■ Stored data

lemma uop_defect:
  "uop ((1-\<theta>)^n) s y - uop ((1-\<theta>)^Suc n) (s + (\<theta> * (1-\<theta>)^n) *\<^sub>R u) y
     = (\<theta> * (1-\<theta>)^n) *\<^sub>R (y - act u y)"
proof -
  have "uop ((1-\<theta>)^n) s y - uop ((1-\<theta>)^Suc n) (s + (\<theta> * (1-\<theta>)^n) *\<^sub>R u) y
      = ((1-\<theta>)^n - (1-\<theta>)^Suc n) *\<^sub>R y - (\<theta> * (1-\<theta>)^n) *\<^sub>R act u y"
    unfolding uop_def
    by (simp add: bounded_bilinear.add_left[OF act] bounded_bilinear.scaleR_left[OF act] scaleR_left_diff_distrib)
  also have "(1-\<theta>)^n - (1-\<theta>)^Suc n = \<theta> * (1-\<theta>)^n" by (simp add: algebra_simps)
  finally show ?thesis by (simp add: scaleR_right_diff_distrib)
qed

lemma invertible_next:
  assumes P: "invertible_on essential (uop ((1-\<theta>)^n) s) C"
    and close: "\<theta> * K * norm (s - mlt (e i) s) \<le> (1-\<theta>) / (4 * C)"
  shows "invertible_on essential (uop ((1-\<theta>)^Suc n) (s + (\<theta>*(1-\<theta>)^n) *\<^sub>R e i)) (4 * C / (1-\<theta>))"
proof -
  have C: "C > 0" using P unfolding invertible_on_def by simp
  have QP: "invertible_on essential (\<lambda>z. uop (1-\<theta>) (\<theta> *\<^sub>R e i) (uop ((1-\<theta>)^n) s z)) (2 / (1-\<theta>) * C)"
    by (rule invertible_on_comp[OF P invertible_uop_net])
  have "invertible_on essential (\<lambda>z. uop (1-\<theta>) (\<theta> *\<^sub>R e i) (uop ((1-\<theta>)^n) s z)
          + act (\<theta> *\<^sub>R (s - mlt (e i) s)) z) (2 * (2 / (1-\<theta>) * C))"
  proof (rule invertible_on_perturb[OF closed_essential subspace_essential _ QP])
    show "linear (\<lambda>z. uop (1-\<theta>) (\<theta> *\<^sub>R e i) (uop ((1-\<theta>)^n) s z))"
      using linear_compose[OF linear_uop linear_uop] by (simp add: o_def)
    show "linear (act (\<theta> *\<^sub>R (s - mlt (e i) s)))"
      by (rule bounded_linear.linear[OF bounded_bilinear.bounded_linear_right[OF act]])
    show "act (\<theta> *\<^sub>R (s - mlt (e i) s)) ` essential \<subseteq> essential" using act_essential by blast
    fix z
    have "norm (act (\<theta> *\<^sub>R (s - mlt (e i) s)) z) \<le> norm (\<theta> *\<^sub>R (s - mlt (e i) s)) * norm z * K"
      by (rule K(2))
    also have "\<dots> = \<theta> * K * norm (s - mlt (e i) s) * norm z"
      using \<theta>(1) by (simp add: mult_ac)
    also have "\<dots> \<le> (1-\<theta>) / (4 * C) * norm z" using close by (rule mult_right_mono) simp
    finally show "norm (act (\<theta> *\<^sub>R (s - mlt (e i) s)) z) \<le> norm z / (2 * (2 / (1-\<theta>) * C))"
      using \<theta> C by (simp add: field_simps)
  qed
  then have "invertible_on essential (uop ((1-\<theta>)^Suc n) (s + (\<theta>*(1-\<theta>)^n) *\<^sub>R e i)) (2 * (2 / (1-\<theta>) * C))"
    by (simp only: uop_next[abs_def])
  moreover have "2 * (2 / (1-\<theta>) * C) = 4 * C / (1-\<theta>)" by simp
  ultimately show ?thesis by simp
qed

lemma factorization_step:
  assumes y: "y \<in> essential" and x: "uop ((1-\<theta>)^n) s y = x"
    and P: "invertible_on essential (uop ((1-\<theta>)^n) s) C"
  shows "\<exists>s' y' C'. y' \<in> essential \<and> uop ((1-\<theta>)^Suc n) s' y' = x
           \<and> invertible_on essential (uop ((1-\<theta>)^Suc n) s') C'
           \<and> norm (s' - s) \<le> \<theta> * (1-\<theta>)^n * M \<and> norm (y' - y) \<le> (1/2)^n"
proof -
  have C: "C > 0" by (rule invertible_onD(1)[OF P])
  define C' where "C' = 4 * C / (1-\<theta>)"
  have C': "C' > 0" unfolding C'_def using C \<theta> by simp
  have "eventually (\<lambda>i. dist (mlt (e i) s) s < (1-\<theta>) / (4 * C * \<theta> * K)) F"
    using \<theta> C K(1) by (intro tendstoD[OF approx_unit]) simp
  moreover have "eventually (\<lambda>i. dist (act (e i) y) y < (1/2)^n / C') F"
    using y C' unfolding essential_def by (intro tendstoD) auto
  ultimately obtain i where i1: "dist (mlt (e i) s) s < (1-\<theta>) / (4 * C * \<theta> * K)"
    and i2: "dist (act (e i) y) y < (1/2)^n / C'"
    using eventually_happens'[OF F eventually_conj] by blast
  define s' where "s' = s + (\<theta> * (1-\<theta>)^n) *\<^sub>R e i"
  define P' where "P' = uop ((1-\<theta>)^Suc n) s'"
  have P': "invertible_on essential P' C'"
  proof -
    have "\<theta> * K * norm (s - mlt (e i) s) \<le> (1-\<theta>) / (4 * C)"
      using i1 \<theta> K(1) C by (simp add: dist_norm norm_minus_commute field_simps)
    then show ?thesis unfolding P'_def C'_def s'_def by (rule invertible_next[OF P])
  qed
  have defect: "x - P' y = (\<theta> * (1-\<theta>)^n) *\<^sub>R (y - act (e i) y)"
    unfolding P'_def s'_def x[symmetric] by (rule uop_defect)
  have "x - P' y \<in> essential"
    unfolding defect by (rule subspace_scale[OF subspace_essential subspace_diff[OF subspace_essential y act_essential]])
  then obtain d where d: "d \<in> essential" "P' d = x - P' y" using invertible_onD(3)[OF P'] by blast
  have "norm d \<le> C' * norm (P' d)" by (rule invertible_onD(4)[OF P' d(1)])
  also have "\<dots> \<le> C' * norm (y - act (e i) y)"
  proof -
    have "\<theta> * (1-\<theta>)^n \<le> 1" using \<theta> by (simp add: mult_le_one power_le_one)
    moreover have "0 \<le> \<theta> * (1-\<theta>)^n" using \<theta> by simp
    ultimately have "norm (P' d) \<le> norm (y - act (e i) y)"
      unfolding d(2) defect by (simp add: mult_left_le_one_le)
    then show ?thesis using C' by (simp add: mult_left_mono)
  qed
  also have "\<dots> \<le> (1/2)^n" using i2 C' by (simp add: dist_norm norm_minus_commute field_simps)
  finally have dn: "norm d \<le> (1/2)^n" .
  have "P' (y + d) = x" unfolding P'_def linear_add[OF linear_uop] using d(2) P'_def by simp
  moreover have "y + d \<in> essential" using subspace_add[OF subspace_essential y d(1)] .
  moreover have "norm (s' - s) \<le> \<theta> * (1-\<theta>)^n * M"
    unfolding s'_def using bdd[of i] \<theta> by (simp add: mult_left_mono)
  ultimately show ?thesis using P' dn unfolding P'_def
    by (intro exI[of _ s'] exI[of _ "y + d"] exI[of _ C']) simp
qed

■ Required action
Only the lines above from the line with "((1-\<theta>)^n - (1-\<theta>)^Suc" to the line with "by (simp add: bounded_bilinear.add_left[OF", those two lines included, should be reproduced exactly.

■ Expected output
      = ((1-\<theta>)^n - (1-\<theta>)^Suc n) *\<^sub>R y - (\<theta> * (1-\<theta>)^n) *\<^sub>R act u y"
    unfolding uop_def
    by (simp add: bounded_bilinear.add_left[OF act] bounded_bilinear.scaleR_left[OF act] scaleR_left_diff_distrib)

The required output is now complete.